Tasting Washington - with food
Local wines go beautifully with food—but how to decide which one goes with what? (Image: Naomi Bishop / Seattle Refined)

Tasting Washington - with food

The best news for wine lovers from Saturday’s Playing Matchmaker seminar at Taste Washington: the experts all agree that the best way to pair wine is to drink more of it. The advice garnered by moderator Jamie Peha of Table Talk Northwest ranged from buying an extra bottle to drink in the afternoon as you cook to just having more bottles open. Whether you’ve got plans to host an elaborate dinner party or are just wondering which random bottle that a friend brought over to drink with your Tuesday night meal, the panel offered the kind of bite-sized (pun intended) tips that are easy to put into practice.

Sparkling goes with anything: Jameson Fink, editor of the Grape Collective kicked this one off, explaining that bubbles cut through any richness (great for comfort food like mac n’ cheese), letting you return to the food refreshed. The lower-alcohol wine Gruner Veltliner was also held up as an example of an easy one to pair with a wide variety of foods.

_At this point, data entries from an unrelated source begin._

lemma dist_ultra: "x \<in> X \<Longrightarrow> y \<in> X \<Longrightarrow> z \<in> X \<Longrightarrow> d x z \<le> max (d x y) (d y z)"
  using ultrametric unfolding ultrametric_def by blast

lemma dist_nonneg: "x \<in> X \<Longrightarrow> y \<in> X \<Longrightarrow> 0 \<le> d x y"
  using ultrametric unfolding ultrametric_def by blast

lemma dist_pos: "x \<in> X \<Longrightarrow> y \<in> X \<Longrightarrow> x \<noteq> y \<Longrightarrow> 0 < d x y"
  using dist_nonneg dist_eq_0_iff by (metis less_eq_real_def)

lemma finite_subset_X: "A \<subseteq> X \<Longrightarrow> finite A"
  using finite_subset finite_X by blast

lemma diam_pos:
  assumes "A \<subseteq> X" "2 \<le> card A"
  shows "0 < diam A d"
proof -
  have "\<not> card A \<le> Suc 0" using assms(2) by simp
  then obtain a b where "a \<in> A" "b \<in> A" "a \<noteq> b"
    using card_le_Suc0_iff_eq[OF finite_subset_X[OF assms(1)]] by blast
  with assms(1) have "0 < d a b" using dist_pos by blast
  also have "d a b \<le> diam A d"
    using diam_ge[OF finite_subset_X[OF assms(1)] \<open>a \<in> A\<close> \<open>b \<in> A\<close>] .
  finally show ?thesis .
qed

Mushrooms are Magic: Lenny Rede, of Esquin Wine & Spirits, introduced the concept of a “bridge.” The earthiness of mushrooms picks up the earthiness of wine, connecting the two—making the pairing work. So when trying a less traditional connection, such as a red wine with fish: simply add a mushroom sauce. Purple Wine Café & Wine Bar chef Harry Mills suggested that the French sauce gastrique was another good bridge, with the caramelized brown sugars and bright acid picking up the sweetness and acidity of wines.

Spice is Nice: Don’t be afraid to pair wine with spicy food, counseled Mills. But, he added, be selective. Alcohol opens up the palate, which makes spicy food seem even hotter. Panelists recommended riesling and vinho verde as varieties that work well, while Fink offered that slightly chilling a light red helps make it more spice-friendly.

Control the Food: “You can adjust the food, but you can’t adjust the wine,” Reggie Daigneault, of South Seattle Community College’s wine program, told the room. If you’re cooking for friends, you can add more or less salt, butter, spice, or flavor, but the wine is the wine. Both she and Mills suggested opening an extra bottle of whatever wine you’re planning to serve in the afternoon as you begin to cook, so that as you cook, you can make sure the food will let the wine shine.

Simplify the Process: Winemaker Sean Hails of Columbia Winery kept his advice simple, suggesting that you pick either the food or the wine, then allow that to inspire the other. Fink’s parting words were similar—suggesting that if you’re stressing about a big, complicated dinner (like a holiday meal with a thousand sides), then stop worrying about wine pairings, open a wide variety of nice bottles, and let people pick what they’d like to drink.